Recent advances in wireless network packet transmission speed and range have enabled many new exciting wide-area audio and or video applications. For example, it is now practical to install wireless mobile surveillance networks to improve safety and emergency response times in office and residential campus settings, for surveillance in city streets, oil and mine fields, warehouses, and factory floors. Wireless IPTV has emerged to reach mass mobile handheld devices on the street in real time and Web 2.0 based, multimedia-rich computing and communications are flourishing on intelligent wireless devices for instant information sharing and retrieval. In order to maintain a high level of performance, the typical goal of such wireless, multimedia applications is to maximize throughput in terms of the product of the transmission rate and the frame receipt success ratio (frames received/time period).
One of the problems associated with using wireless, mobile devices to receive multimedia signals is that the condition of the radio link between a transmitting device and a receiving device can change depending upon whether either or both of the devices are in motion, depending upon environmental conditions and the proximity to other devices broadcasting in the same frequency band. The varying condition of the signal is due in large part to interference from other wireless devices, to obstructions to the radio signal that exist in the environment and is due to the distance between the transmitting and receiving devices. Wireless transmission technologies that are implemented on wireless, mobile devices which run multi-media applications have been developed to operate at multiple different transmission rates in order to accommodate the changing signal conditions, and some of these different transmission rates can employ different modulation schemes depending upon the rates susceptibility to interference. So, for instance, a BPSK modulation scheme, which is robust in the presence of interference, can be employed for relatively lower link rates and OFDM, which is robust in the presence of multipath distortion can be employed as a modulation scheme for high link rates. Also, the QPSK module scheme is suitable for higher link rates and operates with higher power and so the signals can be transmitted over greater distances.

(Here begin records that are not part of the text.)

(* Let $n\ge1$ be an integer and $x\in\{0,1,\dots,n\}$ an observed value of $X\sim B(n,p)$. For $\alpha\in(0,1)$ let $g(\alpha)$ be the posterior mean of $p$ under the triangle prior with mode $\alpha$ (density $\frac{2}{\alpha}p$ on $(0,\alpha]$ and $\frac{2}{1-\alpha}(1-p)$ on $(\alpha,1)$): $$g(\alpha)=\frac{\frac{2}{\alpha}\int_0^\alpha p^{x+2}(1-p)^{n-x}\,dp+\frac{2}{1-\alpha}\int_\alpha^1 p^{x+1}(1-p)^{n-x+1}\,dp}{\frac{2}{\alpha}\int_0^\alpha p^{x+1}(1-p)^{n-x}\,dp+\frac{2}{1-\alpha}\int_\alpha^1 p^{x}(1-p)^{n-x+1}\,dp},$$ and let $\hat p_{IB}(x)$ denote the unique $\tau\in(0,1)$ with $g(\tau)=\tau$. Then: (1) $\hat p_{IB}(x)$ is the unique real zero in the interval $(0,1)$ of the integer-coefficient polynomial $$J_n(a,x)=2a^{x+2}\sum_{r=0}^{n-x}\binom{n+3}{n-x-r}\binom{x+r}{r}(-1)^r a^r-(n-x+1)(n+3)a+(n-x+1)(x+1).$$ (2) $\frac{x+1}{n+3}<\hat p_{IB}(x)<\frac{x+2}{n+3}$ for $x=0,1,\dots,n$; more precisely, $\frac{x+1}{n+2}<\hat p_{IB}(x)<\frac{x+2}{n+3}$ for $x<\frac n2$, and $\frac{x+1}{n+3}<\hat p_{IB}(x)<\frac{x+1}{n+2}$ for $x>\frac n2$.
   Context: $B(n,p)$ is the binomial distribution with $n$ trials and success probability $p\in(0,1)$. The fixed point $\hat p_{IB}(x)$ of $g$ in $(0,1)$ (the "iterative Bayes estimate") exists and is unique. *)

theory Defs
  imports "HOL-Analysis.Analysis"
begin
(* Suppose that $f\in E^2$, $n\in\mathbb N$, $T>1$ and $M>1$. Then for any $\theta\in(0,1]$, $i\in\{0,1,\dots,\lfloor\theta n\rfloor-1\}$, and $z\in\mathbb R^2$ such that $\|z-f(i/n)\|<1/n^2$, \[\mathbb Q\big(\xi^T|_{[i/n,\theta]}\in\Gamma_{M,T}(f,n)|_{[i/n,\theta]}\,\big|\,\xi^T(i/n)=z\big)\le\exp\Big(-T\sum_{j=i}^{\lfloor\theta n\rfloor-1}\big(\mathcal E^+_X(I_j,\Gamma_{M,T}(f,n),T)+\mathcal E^+_Y(I_j,\Gamma_{M,T}(f,n),T)\big)\Big).\]
   Context: Let $R(x,y)=\frac{x+1}{y+1}\vee\frac{y+1}{x+1}$, $P(x,y)=\frac{y+1}{2(x+1)}\mathbb 1_{x\ge y}+\big(1-\frac{x+1}{2(y+1)}\big)\mathbb 1_{x<y}$, $R_X=RP$, $R_Y=R(1-P)$. Under $\mathbb Q$, $(\xi_t)_{t\ge0}$ is a Markov process in $\mathbb R^2$ with $\xi_0=0$ which, in state $z$, jumps at rate $2R(z)$; a jump from $z$ is $(\mathbbm e,0)$ with probability $P(z)$ and $(0,\mathbbm e)$ otherwise, with $\mathbbm e$ an independent Exp(1) variable. Write $\xi^T(s)=\xi(sT)/T$; conditioning on $\xi^T(a)=z$ means considering the process from time $aT$ onwards started at $Tz$. $\|(x_1,y_1)-(x_2,y_2)\|=\max\{|x_1-x_2|,|y_1-y_2|\}$. $E$ is the set of non-decreasing càdlàg $f:[0,1]\to\mathbb R$ with $f(0)=0$, with Lévy metric $d(f,g)=\inf\{r>0:f(x-r)-r<g(x)<f(x+r)+r\ \forall x\in[-r,1+r]\}$ ($f(x)=f(0)$ for $x<0$, $f(1)$ for $x>1$), and on $E^2$ the max of the coordinate distances. For a set $F\subset E^2$ and interval $I$, a function $h$ on $I$ satisfies $h\in F|_I$ iff some $g\in F$ agrees with $h$ on $I$. $G_{M,T}=\{f\in E: s/M-2T^{-2/3}\le f(s)\le M(s+2T^{-2/3})\ \forall s\in[0,1]\}$. $\Delta_n(f,g)=\max\{\|f(i/n)-g(i/n)\|:i=0,\dots,n\}$. $\Gamma_{M,T}(f,n)=B_{\Delta_n}(f,1/n^2)\cap B_d(f,1/n)\cap G_{M,T}^2$ (open balls). $I_j=[j/n,(j+1)/n]$. For a non-empty interval $I\subset[0,1]$ with infimum $I^-$, supremum $I^+$ and length $|I|$, $F\subset E^2$ and $T\ge1$: $R^-_X(I,F,T)=\inf\{R_X(Tg(s)):s\in I,g\in F\}$, $R^+_X(I,F,T)=\sup\{\cdots\}$, similarly $R^\pm_Y$; $x^-(s,F)=\inf\{g_X(s):g\in F\}$, $x^+(s,F)=\sup\{g_X(s):g\in F\}$, similarly $y^\pm$. "$X-$ case": $2R^-_X(I,F,T)|I|>x^+(I^+,F)-x^-(I^-,F)$; "$X+$ case": $x^-(I^+,F)-x^+(I^-,F)>2R^+_X(I,F,T)|I|$. Then $\mathcal E^+_X(I,F,T)=(\sqrt{2R^-_X(I,F,T)|I|}-\sqrt{x^+(I^+,F)-x^-(I^-,F)})^2$ in the $X-$ case, $=(\sqrt{2R^+_X(I,F,T)|I|}-\sqrt{x^-(I^+,F)-x^+(I^-,F)})^2$ in the $X+$ case, and $0$ otherwise; $\mathcal E^+_Y$ is defined identically with $R^\pm_Y$, $y^\pm$ in place of $R^\pm_X$, $x^\pm$. *)

theory Defs
  imports "HOL-Probability.Probability"
begin

definition rateR :: "real \<times> real \<Rightarrow> real" where
  "rateR z = max ((fst z + 1) / (snd z + 1)) ((snd z + 1) / (fst z + 1))"

definition dirP :: "real \<times> real \<Rightarrow> real" where
  "dirP z = (if fst z \<ge> snd z then (snd z + 1) / (2 * (fst z + 1))
             else 1 - (fst z + 1) / (2 * (snd z + 1)))"

definition rateRX :: "real \<times> real \<Rightarrow> real" where
  "rateRX z = rateR z * dirP z"

definition rateRY :: "real \<times> real \<Rightarrow> real" where
  "rateRY z = rateR z * (1 - dirP z)"

text \<open>Elements of E are stored with the canonical extension used in the Levy metric:
  f x = f 0 = 0 for x \<le> 0 and f x = f 1 for x \<ge> 1.\<close>

definition E_space :: "(real \<Rightarrow> real) set" where
  "E_space = {f. mono f \<and> (\<forall>x. continuous (at_right x) f) \<and> (\<forall>x. \<exists>l. (f \<longlongrightarrow> l) (at_left x))
     \<and> f 0 = 0 \<and> (\<forall>x\<le>0. f x = 0) \<and> (\<forall>x\<ge>1. f x = f 1)}"

type_synonym path2 = "(real \<Rightarrow> real) \<times> (real \<Rightarrow> real)"

definition E2 :: "path2 set" where
  "E2 = E_space \<times> E_space"

definition evalp :: "path2 \<Rightarrow> real \<Rightarrow> real \<times> real" where
  "evalp g s = (fst g s, snd g s)"

definition levy_d :: "(real \<Rightarrow> real) \<Rightarrow> (real \<Rightarrow> real) \<Rightarrow> real" where
  "levy_d f g = Inf {r. r > 0 \<and> (\<forall>x\<in>{-r..1+r}. f (x - r) - r < g x \<and> g x < f (x + r) + r)}"

definition levy_d2 :: "path2 \<Rightarrow> path2 \<Rightarrow> real" where
  "levy_d2 f g = max (levy_d (fst f) (fst g)) (levy_d (snd f) (snd g))"

definition supnorm2 :: "real \<times> real \<Rightarrow> real" where
  "supnorm2 z = max \<bar>fst z\<bar> \<bar>snd z\<bar>"

definition G_set :: "real \<Rightarrow> real \<Rightarrow> (real \<Rightarrow> real) set" where
  "G_set M T = {f \<in> E_space. \<forall>s\<in>{0..1}.
      s / M - 2 * T powr (-2/3) \<le> f s \<and> f s \<le> M * (s + 2 * T powr (-2/3))}"

definition Delta_n :: "nat \<Rightarrow> path2 \<Rightarrow> path2 \<Rightarrow> real" where
  "Delta_n n f g = Max ((\<lambda>i. supnorm2 (evalp f (real i / real n) - evalp g (real i / real n))) ` {0..n})"

definition Gamma :: "real \<Rightarrow> real \<Rightarrow> path2 \<Rightarrow> nat \<Rightarrow> path2 set" where
  "Gamma M T f n = {g \<in> E2. Delta_n n f g < 1 / (real n)^2 \<and> levy_d2 f g < 1 / real n}
                   \<inter> (G_set M T \<times> G_set M T)"

definition Ij :: "nat \<Rightarrow> nat \<Rightarrow> real set" where
  "Ij n j = {real j / real n .. real (j + 1) / real n}"

definition restr_in :: "(real \<Rightarrow> real \<times> real) \<Rightarrow> path2 set \<Rightarrow> real set \<Rightarrow> bool" where
  "restr_in h F I = (\<exists>g\<in>F. \<forall>s\<in>I. evalp g s = h s)"

definition Rminus :: "(real \<times> real \<Rightarrow> real) \<Rightarrow> real set \<Rightarrow> path2 set \<Rightarrow> real \<Rightarrow> real" where
  "Rminus Rf I F T = Inf {Rf (T *\<^sub>R evalp g s) | s g. s \<in> I \<and> g \<in> F}"

definition Rplus :: "(real \<times> real \<Rightarrow> real) \<Rightarrow> real set \<Rightarrow> path2 set \<Rightarrow> real \<Rightarrow> real" where
  "Rplus Rf I F T = Sup {Rf (T *\<^sub>R evalp g s) | s g. s \<in> I \<and> g \<in> F}"

definition cminus :: "(path2 \<Rightarrow> real \<Rightarrow> real) \<Rightarrow> real \<Rightarrow> path2 set \<Rightarrow> real" where
  "cminus c s F = Inf {c g s | g. g \<in> F}"

definition cplus :: "(path2 \<Rightarrow> real \<Rightarrow> real) \<Rightarrow> real \<Rightarrow> path2 set \<Rightarrow> real" where
  "cplus c s F = Sup {c g s | g. g \<in> F}"

text \<open>Generic version of the functional; X: (rateRX, fst), Y: (rateRY, snd).
  The "minus" case is checked first (the two cases are exclusive in the paper's setting).\<close>
definition calE :: "(real \<times> real \<Rightarrow> real) \<Rightarrow> (path2 \<Rightarrow> real \<Rightarrow> real) \<Rightarrow> real set \<Rightarrow> path2 set \<Rightarrow> real \<Rightarrow> real" where
  "calE Rf c I F T =
    (let Im = Inf I; Ip = Sup I; L = Ip - Im in
     if 2 * Rminus Rf I F T * L > cplus c Ip F - cminus c Im F
       then (sqrt (2 * Rminus Rf I F T * L) - sqrt (cplus c Ip F - cminus c Im F))^2
     else if cminus c Ip F - cplus c Im F > 2 * Rplus Rf I F T * L
       then (sqrt (2 * Rplus Rf I F T * L) - sqrt (cminus c Ip F - cplus c Im F))^2
     else 0)"

definition calE_X :: "real set \<Rightarrow> path2 set \<Rightarrow> real \<Rightarrow> real" where
  "calE_X I F T = calE rateRX fst I F T"

definition calE_Y :: "real set \<Rightarrow> path2 set \<Rightarrow> real \<Rightarrow> real" where
  "calE_Y I F T = calE rateRY snd I F T"

text \<open>Randomness: an i.i.d. sequence of triples ((h, e), u) with h, e ~ Exp(1) and u ~ Unif[0,1]:
  h drives the holding time, e the jump size, u the jump direction.\<close>

type_synonym omega = "nat \<Rightarrow> (real \<times> real) \<times> real"

definition jump_meas :: "((real \<times> real) \<times> real) measure" where
  "jump_meas = (density lborel (exponential_density 1) \<Otimes>\<^sub>M density lborel (exponential_density 1))
                \<Otimes>\<^sub>M uniform_measure lborel {0..1}"

definition Q_meas :: "omega measure" where
  "Q_meas = (\<Pi>\<^sub>M k\<in>(UNIV :: nat set). jump_meas)"

primrec chain :: "real \<times> real \<Rightarrow> omega \<Rightarrow> nat \<Rightarrow> real \<times> real" where
  "chain z0 \<omega> 0 = z0"
| "chain z0 \<omega> (Suc k) =
     (let z = chain z0 \<omega> k; e = snd (fst (\<omega> k)); u = snd (\<omega> k) in
      if u < dirP z then z + (e, 0) else z + (0, e))"

definition hold :: "real \<times> real \<Rightarrow> omega \<Rightarrow> nat \<Rightarrow> real" where
  "hold z0 \<omega> k = fst (fst (\<omega> k)) / (2 * rateR (chain z0 \<omega> k))"

text \<open>Position at time t of the process started at z0 at time 0 (jump rate 2R, holding time
  Exp(1)/(2R)); a state with non-positive rate is absorbing.\<close>
definition proc :: "real \<times> real \<Rightarrow> omega \<Rightarrow> real \<Rightarrow> real \<times> real" where
  "proc z0 \<omega> t = chain z0 \<omega>
     (LEAST k. rateR (chain z0 \<omega> k) \<le> 0 \<or> t < (\<Sum>j\<le>k. hold z0 \<omega> j))"

definition outer_prob :: "'a measure \<Rightarrow> 'a set \<Rightarrow> real" where
  "outer_prob M A = Inf (measure M ` {B \<in> sets M. A \<subseteq> B})"

end

(*
  Exponential change of measure. Tilt the horizontal and vertical jump sizes by parameters
  theta < 1 that are constant on each block I_j of the rescaled time. The exponential of the
  tilted displacement minus the compensator, which accrues at rate
  2 R_X theta_X / (1 - theta_X) + 2 R_Y theta_Y / (1 - theta_Y), has expectation at most 1 along
  the jump chain, so Markov's inequality bounds the probability that it exceeds e^c by e^-c.
  While the rescaled path stays in the tube Gamma, its increments and rates over I_j are confined
  by x^+-, y^+- and R^+-, and choosing theta near the maximiser 1 - sqrt (2 R |I|) / sqrt Delta of
  theta Delta - 2 R |I| theta / (1 - theta) makes the exponent at least T (E_X^+ + E_Y^+) - epsilon
  on every block. Paths whose jumps never leave the tube form a null set, since the Exp(1) jump
  sizes sum to infinity almost surely.
*)
theory Submission
  imports Defs
begin

lemma borel_measurable_rateR [measurable]: "rateR \<in> borel_measurable borel"
proof -
  have "rateR \<in> borel_measurable (borel \<Otimes>\<^sub>M borel)"
    unfolding rateR_def by measurable
  then show ?thesis by (simp add: borel_prod)
qed

lemma borel_measurable_dirP [measurable]: "dirP \<in> borel_measurable borel"
proof -
  have "dirP \<in> borel_measurable (borel \<Otimes>\<^sub>M borel)"
    unfolding dirP_def by measurable
  then show ?thesis by (simp add: borel_prod)
qed

lemma borel_measurable_rateRX [measurable]: "rateRX \<in> borel_measurable borel"
  unfolding rateRX_def[abs_def] by measurable

lemma borel_measurable_rateRY [measurable]: "rateRY \<in> borel_measurable borel"
  unfolding rateRY_def[abs_def] by measurable

lemma rateR_ge_1: "0 \<le> fst z \<Longrightarrow> 0 \<le> snd z \<Longrightarrow> 1 \<le> rateR z"
  unfolding rateR_def by (auto simp: le_max_iff_disj divide_simps)

lemma rateR_le_sum:
  assumes "0 \<le> fst z" "0 \<le> snd z"
  shows "rateR z \<le> fst z + snd z + 1"
proof -
  have "(fst z + 1) * 1 \<le> (fst z + 1) * (snd z + 1)" "(snd z + 1) * 1 \<le> (snd z + 1) * (fst z + 1)"
    using assms by (intro mult_left_mono; simp)+
  then have "(fst z + 1) / (snd z + 1) \<le> fst z + 1" "(snd z + 1) / (fst z + 1) \<le> snd z + 1"
    using assms by (simp_all add: divide_le_eq)
  then show ?thesis
    unfolding rateR_def using assms by simp
qed

lemma dirP_bounds: "0 \<le> fst z \<Longrightarrow> 0 \<le> snd z \<Longrightarrow> 0 \<le> dirP z \<and> dirP z \<le> 1"
  unfolding dirP_def by (auto simp: divide_simps)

A number of wireless audio/video applications are available that are based on wireless technology such as the IEEE 802.11 standards. The 802.11 standards have been extended to provide a number of different link rates at which signals can be transmitted. So, for instance, 802.11b signals can be transmitted at 1 Mbps, 2 Mbps, 5.5 Mbps or 11 MBps with the transmission rate largely dependent upon the signal to noise/interference ratio (SINR) measured at a receiver. Dynamic rate control methods are used to make the SINR measurements and to automatically change the transmission rate so as to maximize throughput. Such dynamic rate control methods are typically referred to as automatic transmission rate adaptation or simply rate adaptation. As the SINR increases, a rate adaptation method can operate to automatically increase the packet transmission rate.
Rate adaptation methods usually achieve their design goal fairly well, and differ only in the details with respect to how the channel quality is evaluated and predicted, with respect to how to measure the frame loss ratios, and how to increase or decrease the channel rate. Popular throughput evaluation tools, e.g., iperf that derives throughput by blasting UDP or TCP traffic, do report good throughput results. While such rate adaptation methods work well for non-real-time traffic, this is not the case with real-time traffic. For real-time traffic transport, the optimal throughput or the channel-rate frame-success-ratio product does not necessarily translate to the best video playback quality. In fact, all existing rate adaptation methods perform poorly for video streaming, for instance. Video mosaic is often observed in the playback due to excessive random frame losses. Chunky and shaking images are frequent due to the losses of synchronization followed by lengthy re-synchronizations to the video source. The fundamental problem is that when the gap between two neighboring rates is large, rate adaptation methods favor the higher rate even though the packet loss ratio is relatively high. In the IEEE 802.11 standard, for example, the overall throughput (or channel-rate-frame-success-ratio product) at the 9 Mbps packet transmission rate is higher, with packet loss ratio up to 38%, compared with the maximum throughput possible at the 6 Mbps packet transmission rate with a packet loss ratio of zero. As a result, all existing throughput-optimizing rate adaptation methods select a higher packet transmission rate, even when the packet loss ratio is as high as 23% to 38%, before the next lower rate is considered. Consequently, the wireless networks tend to stabilize in a state where the packet loss ratios, perceived by the end-to-end real-time transport, are orders of magnitudes higher than those in wired networks. Designed to optimize throughput in wired networks where the incidence of packet loss is usually much lower, existing video decoders are not able to operate in a wireless environment to process real-time streams of video information, where the incidence of packet loss is high, such that the video is high and is played without artifacts.
As opposed to overall packet throughput, packet delay and packet loss are more important parameters to manage for the optimum operation of a wireless, real-time multimedia application. So, in lieu of the limitations to existing throughput based rate adaptation methods, it would be advantageous if the model according to which a rate adaptation method is designed is based upon parameters most critical to the optimum operation of a wireless, real-time multimedia application; namely, the packet delay and packet loss parameters.